START TO FINISH: 25 minutes
SERVINGS: 4
This is our take on torrijas, Spain’s version of French toast. Cinnamon and citrus are typical flavorings. Dry sherry infuses the bread with a subtle nuttiness and caramel undertones. Challah isn’t typical for torrijas, but we liked its eggy richness and tender crumb. Torrijas are especially good warm from the oven, when the outsides are delicately crisp and the insides are soft and custardy, but they’re also great at room temperature. Unlike regular French toast, the bread for torrijas is sweetened throughout, so skip syrup for serving—berries or a fresh fruit compote are the best accompaniments. You’ll need a thermometer to gauge the temperature of the oil for frying.
Don’t use stale challah. Stale bread will soak up too much of the sherry mixture.
Four 1-inch-thick slices challah bread, halved on the diagonal
1 cup dry sherry
120 grams (1 cup) powdered sugar
2 teaspoons grated orange zest, divided, plus ¼ cup orange juice
¼ cup white sugar
¼ teaspoon ground cinnamon
⅛ teaspoon ground cloves
4 large eggs
65 grams (½ cup) all-purpose flour
½ cup grapeseed or other neutral oil
Heat the oven to 350°F with a rack in the middle position. In a large baking dish, arrange the challah in a single layer. In a medium bowl, whisk the sherry, powdered sugar, 1 teaspoon of the zest and the orange juice. Pour the mixture over the bread; do not wash the bowl. Let stand for 5 minutes, then flip each piece of bread. Let stand until the bread absorbs most of the liquid, another 5 minutes.
Meanwhile, in a small, shallow bowl, stir together the remaining 1 teaspoon zest, the white sugar, cinnamon and cloves.
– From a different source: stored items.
lemma ratio_ascends_at_positive_vertex:
  assumes "0 < \<beta>" "\<beta> < 1" and "lam < \<theta>"
    and v_pos: "\<forall>x\<in>vertices m. 0 < v x"
    and v: "\<forall>x\<in>vertices m. Delta m \<beta> v x + \<theta> * v x \<le> 0"
    and u: "\<forall>x\<in>vertices m. - Delta m \<beta> u x = lam * u x"
    and x: "x \<in> vertices m" and "0 < u x"
  shows "\<exists>y\<in>vertices m. tree_neighbour m x y \<and> u x / v x < u y / v y"
proof (rule ccontr)
  assume no_ascent: "\<not> ?thesis"
  have "0 < v x" using v_pos x by blast
  have "\<theta> \<le> lam"
  proof (rule supersolution_comparison[OF assms(1,2)])
    show "Delta m \<beta> v x + \<theta> * v x \<le> 0" "- Delta m \<beta> u x = lam * u x"
      using v u x by auto
    show "u x = u x / v x * v x" "0 \<le> u x / v x"
      using \<open>0 < v x\<close> \<open>0 < u x\<close> by auto
    show "u y \<le> u x / v x * v y" if "tree_neighbour m x y" for y
    proof -
      have "y \<in> vertices m" using tree_neighbour_in_vertices[OF x that] .
      with no_ascent that v_pos show ?thesis by (auto simp: not_less pos_divide_le_eq)
    qed
  qed (fact \<open>0 < u x\<close>)
  with \<open>lam < \<theta>\<close> show False by simp
qed

lemma non_backtracking_walk_eventually_descends:
  assumes step: "\<And>n. tree_neighbour m (s n) (s (Suc n))"
    and no_backtrack: "\<And>n. s (Suc (Suc n)) \<noteq> s n"
  shows "\<exists>N. \<forall>n\<ge>N. \<exists>i. s (Suc n) = s n @ [i]"
proof -
  define descends where "descends n \<longleftrightarrow> (\<exists>i. s (Suc n) = s n @ [i])" for n
  have ascends: "s n \<noteq> [] \<and> s (Suc n) = butlast (s n)" if "\<not> descends n" for n
    using step[of n] that by (auto simp: tree_neighbour_def descends_def)
  have descends_Suc: "descends (Suc n)" if down: "descends n" for n
  proof (rule ccontr)
    assume "\<not> descends (Suc n)"
    then have "s (Suc (Suc n)) = butlast (s (Suc n))" using ascends by blast
    moreover obtain i where "s (Suc n) = s n @ [i]" using down unfolding descends_def by blast
    ultimately show False using no_backtrack[of n] by simp
  qed
  have "\<exists>N. descends N"
  proof (rule ccontr)
    assume "\<nexists>N. descends N"
    then have "length (s n) + n \<le> length (s 0)" for n
    proof (induction n)
      case (Suc n)
      then show ?case using ascends[of n] by (cases "s n") auto
    qed simp
    from this[of "Suc (length (s 0))"] show False by simp
  qed
  then obtain N where N: "descends N" ..
  have "descends n" if "N \<le> n" for n
    using that by (induction n rule: dec_induct) (use N descends_Suc in auto)
  then show ?thesis unfolding descends_def by blast
qed

lemma descending_walk_follows_branch:
  assumes descends: "\<And>n. N \<le> n \<Longrightarrow> \<exists>i. s (Suc n) = s n @ [i]"
  shows "\<exists>b. \<forall>j. s (N + j) = map b [0..<length (s N) + j]"
proof -
  have extends: "\<exists>ds. s (N + j + d) = s (N + j) @ ds \<and> length ds = d" for j d
  proof (induction d)
    case (Suc d)
    then obtain ds where "s (N + j + d) = s (N + j) @ ds" "length ds = d" by blast
    moreover obtain i where "s (Suc (N + j + d)) = s (N + j + d) @ [i]" using descends by force
    ultimately show ?case by (intro exI[of _ "ds @ [i]"]) simp
  qed simp
  have length: "length (s (N + j)) = length (s N) + j" for j
    using extends[of 0 j] by auto
  define b where "b k = s (N + Suc k) ! k" for k
  have "s (N + j) = map b [0..<length (s N) + j]" for j
  proof (rule nth_equalityI)
    show "length (s (N + j)) = length (map b [0..<length (s N) + j])" by (simp add: length)
  next
    fix k assume k: "k < length (s (N + j))"
    obtain ds ds' where ds: "s (N + j + Suc k) = s (N + j) @ ds"
      and ds': "s (N + j + Suc k) = s (N + Suc k) @ ds'"
      using extends[of j "Suc k"] extends[of "Suc k" j] by (auto simp: add_ac)
    have "s (N + j) ! k = s (N + j + Suc k) ! k" using ds k by (simp add: nth_append)
    also have "\<dots> = s (N + Suc k) ! k" using ds' length[of "Suc k"] by (simp add: nth_append)
    finally have "s (N + j) ! k = s (N + Suc k) ! k" .
    then show "s (N + j) ! k = map b [0..<length (s N) + j] ! k"
      using k by (simp add: b_def length)
  qed
  then show ?thesis by blast
qed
In the same bowl used for the sherry mixture, whisk together the eggs, flour and 1 tablespoon of the sugar-spice mixture. One at a time, remove the soaked bread slices from the baking dish and dunk in the egg mixture, coating on both sides, then return them to the baking dish.
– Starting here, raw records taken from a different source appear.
lemma card_avoiders_1_rec:
  assumes "m \<ge> 1"
  shows "card (avoiders 1 (Suc (Suc m))) = card (avoiders 1 (Suc m)) + card (avoiders 1 m)"
proof -
  have "{ys \<in> avoiders 1 (Suc m). \<not> (1 \<le> Suc m \<and> ys ! (Suc m - 1) = Suc m)}
      = {ys \<in> avoiders 1 (Suc m). ys ! 0 = Suc m}"
    using starts_with_max_iff_not_ends_with_max[OF _ assms] by auto
  then show ?thesis
    using card_avoiders_Suc[of 1 "Suc m"] card_avoiders_starting_with_max[of 1 m] by simp
qed

lemma card_avoiders_double:
  assumes "k \<ge> 2" "m \<ge> 1" "m \<noteq> k"
  shows "card (avoiders k (Suc m)) = 2 * card (avoiders k m)"
proof -
  have "ys ! (m - k) \<noteq> m" if "ys \<in> avoiders k m" "k \<le> m" for ys
  proof
    assume "ys ! (m - k) = m"
    moreover have "m - k < m"
      using assms that(2) by simp
    ultimately have "m - k = 0 \<or> m - k = m - 1"
      using nth_avoiders_eq_max[OF that(1)] by blast
    then show False
      using assms that(2) by auto
  qed
  then have "{ys \<in> avoiders k m. \<not> (k \<le> m \<and> ys ! (m - k) = m)} = avoiders k m"
    by auto
  then show ?thesis
    using card_avoiders_Suc[of k m] assms by simp
qed

lemma card_avoiders_first_beyond_k:
  "card (avoiders (Suc j) (Suc (Suc j))) + card (avoiders (Suc j) j)
    = 2 * card (avoiders (Suc j) (Suc j))"
proof -
  let ?A = "avoiders (Suc j) (Suc j)"
  let ?S = "{ys \<in> ?A. ys ! 0 = Suc j}"
  have "{ys \<in> ?A. \<not> (Suc j \<le> Suc j \<and> ys ! (Suc j - Suc j) = Suc j)} = ?A - ?S"
    by auto
  moreover have "card ?S = card (avoiders (Suc j) j)"
    by (rule card_avoiders_starting_with_max) simp
  moreover have "card ?S \<le> card ?A"
    by (rule card_mono) (auto simp: finite_avoiders)
  ultimately show ?thesis
    using card_avoiders_Suc[of "Suc j" "Suc j"] by (simp add: card_Diff_subset finite_avoiders)
qed

lemma card_avoiders_1: "n \<ge> 1 \<Longrightarrow> card (avoiders 1 n) = fib n"
proof (induction n rule: fib.induct)
  case (3 n)
  show ?case
  proof (cases n)
    case 0
    have "{ys \<in> avoiders 1 1. \<not> (1 \<le> (1::nat) \<and> ys ! 0 = 1)} = {}"
      using avoiders_1[of 1] by simp
    then show ?thesis
      using card_avoiders_Suc[of 1 1] avoiders_1[of 1] 0 by simp
  next
    case (Suc m)
    then show ?thesis
      using card_avoiders_1_rec[of "Suc m"] 3 by simp
  qed
qed (use avoiders_1[of 1] in simp_all)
In a 12-inch skillet over medium, heat the oil to 350°F. Set a wire rack in a rimmed baking sheet. When the oil is ready, place half of the slices in the pan and cook until golden brown, about 1 minute. Using a thin metal spatula, flip each piece and cook until the second sides are golden brown, about 1 minute longer. Transfer to the prepared baking sheet. Repeat with the remaining slices of bread. Place the baking sheet in the oven and bake until the centers are cooked through, about 5 minutes.
Using tongs, dip each slice into the remaining sugar-spice mixture, turning to coat, then transfer to a serving plate. Serve warm.